Having blogged about the case of the Christian couple running a B&B in Cornwall, who were taken to court and fined for refusing to allow two men to share a double bedroom, I was startled to discover that they – and presumably other Christians in similar situations – now have an unlikely champion: Dr David Starkey. I have just come across a clip of Dr Starkey’s statement on BBC1’s Question Time last week. In it the historian, who describes himself as “atheist and gay”, speaks out against what he calls a “new tyranny”, a liberal morality which is “every bit as oppressive as the old”.
He makes it clear he is opposed to the fine imposed on the couple, saying: “The way to do that is not to ban them, not to fine them.
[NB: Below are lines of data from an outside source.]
(* Let $\zeta_3=\int_0^\infty \frac{\mathrm{d}t}{\sqrt{1+t^6}}$ and let $\mathrm{sleafh}_3:(-\zeta_3,\zeta_3)\to\mathbb{R}$ be the hyperbolic leaf function of basis $3$. For every real $l$ with $2l\in(-\zeta_3,\zeta_3)$, $$\mathrm{sleafh}_3(2l)=\frac{2\,\mathrm{sleafh}_3(l)\sqrt{1+(\mathrm{sleafh}_3(l))^6}}{\sqrt{1-8(\mathrm{sleafh}_3(l))^6}}.$$
   Context: For a natural number $n$, let $\zeta_n=\int_0^\infty \frac{\mathrm{d}t}{\sqrt{1+t^{2n}}}$. The hyperbolic leaf function $\mathrm{sleafh}_n$ is the solution $r(l)$ on $(-\zeta_n,\zeta_n)$ of $\frac{\mathrm{d}^2r}{\mathrm{d}l^2}=n\,r^{2n-1}$ with $r(0)=0$, $r'(0)=1$; equivalently it is the inverse function of $r\mapsto \int_0^r \frac{\mathrm{d}t}{\sqrt{1+t^{2n}}}$, $r\in\mathbb{R}$. *)

theory Defs
  imports "HOL-Analysis.Analysis"
begin

definition zeta :: "nat \<Rightarrow> real" where
  "zeta n = integral {0..} (\<lambda>t. 1 / sqrt (1 + t ^ (2 * n)))"

definition leafh_arc :: "nat \<Rightarrow> real \<Rightarrow> real" where
  "leafh_arc n r = (if 0 \<le> r then integral {0..r} (\<lambda>t. 1 / sqrt (1 + t ^ (2 * n)))
                    else - integral {r..0} (\<lambda>t. 1 / sqrt (1 + t ^ (2 * n))))"

text \<open>sleafh_n is the inverse function of leafh_arc n (meaningful on (-zeta n, zeta n)).\<close>
definition sleafh :: "nat \<Rightarrow> real \<Rightarrow> real" where
  "sleafh n l = (THE r. leafh_arc n r = l)"

end

theory Submission imports Defs begin

text \<open>Write \<open>F = leafh_arc 3\<close> and \<open>D s = 2 s sqrt (1 + s\<^sup>6) / sqrt (1 - 8 s\<^sup>6)\<close>.
  A direct computation gives \<open>F'(D s) D'(s) = 2 F'(s)\<close> for \<open>8 s\<^sup>6 < 1\<close>, so \<open>F (D s) = 2 F s\<close>
  there. Since \<open>D\<close> maps \<open>[0, c)\<close>, \<open>c = (1/8)\<^sup>1\<^sup>/\<^sup>6\<close>, onto \<open>[0, \<infinity>)\<close>, we get \<open>zeta 3 \<le> 2 F c\<close>;
  hence every \<open>l\<close> with \<open>|2 l| < zeta 3\<close> is \<open>F s\<close> for some \<open>|s| < c\<close>, and then
  \<open>sleafh 3 (2 l) = D s\<close>.\<close>

definition leafh_density :: "nat \<Rightarrow> real \<Rightarrow> real" where
  "leafh_density n t = 1 / sqrt (1 + t ^ (2 * n))"

lemma one_plus_even_power_pos: "0 < 1 + (t::real) ^ (2 * n)"
  by (simp add: add_pos_nonneg power_mult)

lemma leafh_density_pos: "0 < leafh_density n t"
  using one_plus_even_power_pos[of t n] by (simp add: leafh_density_def)

lemma leafh_density_even: "leafh_density n (- t) = leafh_density n t"
  by (simp add: leafh_density_def power_mult)

lemma continuous_on_leafh_density: "continuous_on S (leafh_density n)"
  unfolding leafh_density_def
  using one_plus_even_power_pos by (intro continuous_intros) (auto simp: less_imp_neq[symmetric])

lemma integrable_leafh_density: "leafh_density n integrable_on {a..b}"
  by (intro integrable_continuous_interval continuous_on_leafh_density)

lemma leafh_arc_eq:
  "leafh_arc n r =
    (if 0 \<le> r then integral {0..r} (leafh_density n) else - integral {r..0} (leafh_density n))"
  unfolding leafh_arc_def leafh_density_def by simp

lemma leafh_arc_0 [simp]: "leafh_arc n 0 = 0"
  by (simp add: leafh_arc_eq)

lemma leafh_arc_has_real_derivative:
  "(leafh_arc n has_real_derivative leafh_density n x) (at x)"
proof -
  define M where "M = \<bar>x\<bar> + 1"
  define \<Phi> where "\<Phi> y = integral {-M..y} (leafh_density n)" for y
  have arc_eq_\<Phi>: "leafh_arc n y = \<Phi> y - \<Phi> 0" if "y \<in> {-M<..<M}" for y
  proof (cases "0 \<le> y")
    case True
    have "-M \<le> 0" by (simp add: M_def)
    from Henstock_Kurzweil_Integration.integral_combine[OF this True integrable_leafh_density[of n]]
    show ?thesis using True by (simp add: leafh_arc_eq \<Phi>_def)
  next
    case False
    have "-M \<le> y" "y \<le> 0" using that False by auto
    from Henstock_Kurzweil_Integration.integral_combine[OF this integrable_leafh_density[of n]]
    show ?thesis using False by (simp add: leafh_arc_eq \<Phi>_def)
  qed
  have "(\<Phi> has_real_derivative leafh_density n x) (at x within {-M..M})"
    unfolding \<Phi>_def
    by (rule integral_has_real_derivative) (auto simp: continuous_on_leafh_density M_def)
  moreover have "at x within {-M..M} = at x"
    by (rule at_within_interior) (auto simp: M_def)
  ultimately have "((\<lambda>y. \<Phi> y - \<Phi> 0) has_real_derivative leafh_density n x) (at x)"
    by (auto intro!: derivative_eq_intros)
  then show ?thesis
    by (rule has_field_derivative_transform_within_open[of _ _ _ "{-M<..<M}"])
       (auto simp: arc_eq_\<Phi> M_def)
qed

lemma continuous_on_leafh_arc: "continuous_on S (leafh_arc n)"
  by (intro continuous_at_imp_continuous_on ballI DERIV_isCont[OF leafh_arc_has_real_derivative])

lemma leafh_arc_strict_mono: "strict_mono (leafh_arc n)"
proof (rule strict_monoI)
  show "leafh_arc n x < leafh_arc n y" if "x < y" for x y
    using that by (rule DERIV_pos_imp_increasing)
      (auto intro: leafh_arc_has_real_derivative leafh_density_pos)
qed

lemma leafh_arc_less_iff [simp]: "leafh_arc n x < leafh_arc n y \<longleftrightarrow> x < y"
  by (rule strict_mono_less[OF leafh_arc_strict_mono])

lemma leafh_arc_le_iff [simp]: "leafh_arc n x \<le> leafh_arc n y \<longleftrightarrow> x \<le> y"
  by (rule strict_mono_less_eq[OF leafh_arc_strict_mono])

lemma leafh_arc_eq_iff [simp]: "leafh_arc n x = leafh_arc n y \<longleftrightarrow> x = y"
  by (rule strict_mono_eq[OF leafh_arc_strict_mono])

lemma leafh_arc_minus: "leafh_arc n (- x) = - leafh_arc n x"
proof -
  have "((\<lambda>x. leafh_arc n (- x) + leafh_arc n x) has_real_derivative 0) (at y)" for y
  proof -
    have "((\<lambda>x. leafh_arc n (- x)) has_real_derivative leafh_density n (- y) * (- 1)) (at y)"
      by (rule DERIV_chain2[OF leafh_arc_has_real_derivative])
         (auto intro!: derivative_eq_intros)
    then show ?thesis
      using leafh_arc_has_real_derivative[of n y]
      by (auto intro!: derivative_eq_intros simp: leafh_density_even)
  qed
  from DERIV_isconst_all[OF allI[OF this], of x 0] show ?thesis by simp
qed

lemma sleafh_eqI: "leafh_arc n r = l \<Longrightarrow> sleafh n l = r"
  unfolding sleafh_def by (rule the_equality) auto

text \<open>The integral defining \<open>zeta\<close> is improper, so it is reached by monotone convergence from
  the truncated integrals \<open>leafh_arc n k\<close>.\<close>

lemma zeta_le_bound_of_leafh_arc:
  assumes bound: "\<And>r. 0 \<le> r \<Longrightarrow> leafh_arc n r \<le> B"
  shows "zeta n \<le> B"
proof -
  define g where "g k x = (if x \<in> {0..real k} then leafh_density n x else 0)" for k :: nat and x
  have integral_g: "integral {0..} (g k) = leafh_arc n (real k)" for k
    unfolding g_def integral_restrict_Int leafh_arc_eq
    by (simp add: Int_absorb1 Int_commute)
  have "leafh_density n integrable_on {0..} \<and>
      ((\<lambda>k. integral {0..} (g k)) \<longlonglongrightarrow> integral {0..} (leafh_density n))"
  proof (rule monotone_convergence_increasing)
    show "g k integrable_on {0..}" for k
      unfolding g_def integrable_restrict_Int
      by (simp add: Int_absorb1 Int_commute integrable_leafh_density)
    show "g k x \<le> g (Suc k) x" if "x \<in> {0..}" for k x
      using that leafh_density_pos[of n x] by (auto simp: g_def less_imp_le)
    show "(\<lambda>k. g k x) \<longlonglongrightarrow> leafh_density n x" if "x \<in> {0..}" for x
    proof -
      obtain N :: nat where "x \<le> real N" using real_arch_simple by blast
      then have "\<forall>k\<ge>N. g k x = leafh_density n x" using that by (auto simp: g_def)
      then show ?thesis by (intro tendsto_eventually) (auto simp: eventually_sequentially)
    qed
    have "\<bar>leafh_arc n (real k)\<bar> \<le> B" for k
      using bound[of "real k"] leafh_arc_le_iff[of n 0 "real k"] by simp
    then show "bounded (range (\<lambda>k. integral {0..} (g k)))"
      unfolding integral_g bounded_iff by auto
  qed
  moreover have "zeta n = integral {0..} (leafh_density n)"
    by (simp add: zeta_def leafh_density_def [abs_def])
  ultimately have "(\<lambda>k. leafh_arc n (real k)) \<longlonglongrightarrow> zeta n"
    by (simp add: integral_g)
  then show ?thesis
    by (rule LIMSEQ_le_const2) (use bound in auto)
qed

definition leafh3_double :: "real \<Rightarrow> real" where
  "leafh3_double s = 2 * s * sqrt (1 + s ^ 6) / sqrt (1 - 8 * s ^ 6)"

definition leafh3_double_radius :: real where
  "leafh3_double_radius = root 6 (1 / 8)"

lemma leafh3_double_radius_pos: "0 < leafh3_double_radius"
  by (simp add: leafh3_double_radius_def)

lemma abs_less_leafh3_double_radius_iff: "\<bar>s\<bar> < leafh3_double_radius \<longleftrightarrow> 8 * s ^ 6 < 1"
proof -
  have "\<bar>s\<bar> = root 6 (\<bar>s\<bar> ^ 6)" by (rule real_root_power_cancel[symmetric]) auto
  then have "\<bar>s\<bar> < leafh3_double_radius \<longleftrightarrow> \<bar>s\<bar> ^ 6 < 1 / 8"
    unfolding leafh3_double_radius_def by (metis real_root_less_iff zero_less_numeral)
  also have "\<bar>s\<bar> ^ 6 = s ^ 6" by (simp add: power_even_abs)
  finally show ?thesis by linarith
qed

lemma leafh3_double_has_real_derivative:
  assumes "8 * x ^ 6 < 1"
  shows "(leafh3_double has_real_derivative
      2 * (1 + 20 * x ^ 6 - 8 * (x ^ 6) ^ 2) / (sqrt (1 + x ^ 6) * sqrt (1 - 8 * x ^ 6) ^ 3)) (at x)"
proof -
  define a where "a = sqrt (1 + x ^ 6)"
  define b where "b = sqrt (1 - 8 * x ^ 6)"
  have pos: "0 < 1 + x ^ 6" using one_plus_even_power_pos[of x 3] by simp
  have "0 < a" "0 < b" using pos assms by (simp_all add: a_def b_def)
  have a2: "a ^ 2 = 1 + x ^ 6" using pos by (simp add: a_def)
  have b2: "b ^ 2 = 1 - 8 * x ^ 6" using assms by (simp add: b_def)
  have "x ^ 5 * x = x ^ 6" by (subst power_Suc2[symmetric]) simp
  then have x6: "x ^ 5 * x = x ^ 6" "x * x ^ 5 = x ^ 6" by (simp_all add: mult.commute)
  have "(leafh3_double has_real_derivative
      ((2 * a + 6 * (x ^ 5 * (inverse a * x))) * b + 48 * (x * (a * (x ^ 5 * inverse b))))
        / (1 - 8 * x ^ 6)) (at x)"
    unfolding leafh3_double_def a_def b_def using assms pos
    by (auto intro!: derivative_eq_intros)
  also have "((2 * a + 6 * (x ^ 5 * (inverse a * x))) * b + 48 * (x * (a * (x ^ 5 * inverse b))))
        / (1 - 8 * x ^ 6) = ((2 * a ^ 2 + 6 * x ^ 6) * b ^ 2 + 48 * x ^ 6 * a ^ 2) / (a * b ^ 3)"
    unfolding b2[symmetric] using \<open>0 < a\<close> \<open>0 < b\<close> x6
    by (simp add: field_simps power2_eq_square power3_eq_cube)
  also have "(2 * a ^ 2 + 6 * x ^ 6) * b ^ 2 + 48 * x ^ 6 * a ^ 2
      = 2 * (1 + 20 * x ^ 6 - 8 * (x ^ 6) ^ 2)"
    unfolding a2 b2 by (simp add: algebra_simps power2_eq_square)
  finally show ?thesis by (simp add: a_def b_def)
qed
It is for them simply to put up what seems to me to be a quite proper notice in a small privately-run hotel which says we are Christians and this is what we believe.” Otherwise, Starkey told the hushed TV audience, “We are producing a new tyranny.”
Should I be so surprised at Starkey’s stance? When he used to be on the Moral Maze he always demonstrated that he was his own man. When the morality of separating the conjoined twins, Rosie and Gracie Attard, was debated in 2001, and it became clear that the surgical intervention to separate them would mean the deliberate killing of one of the girls in order to save the life of the other, Starkey opposed the surgery.
As intriguing as his championing the right of Christians to follow their conscience was Dr Starkey’s final remark on Question Time: he said his mother had been a devout Christian and that it was “her hatred and opposition to homosexuality that made me what I am”. As he concluded that “being nice and sweet about gays isn’t wholly a good thing”, I don’t think he meant that his mother was the cause of his homosexuality; I interpret it as meaning that his mother’s strong views had shaped her son’s similar determination to speak out strongly on what he believed – especially in instances of bullying and oppression – and not to kow-tow to heavy-handed political correctness.
Others may have different interpretations. At any rate, it is salutary to note that the clearest objection to the legal judgment against the B&B couple has come not from our Catholic bishops (as far as I know) but from a self-confessed atheist and homosexual. Thank you, Dr Starkey.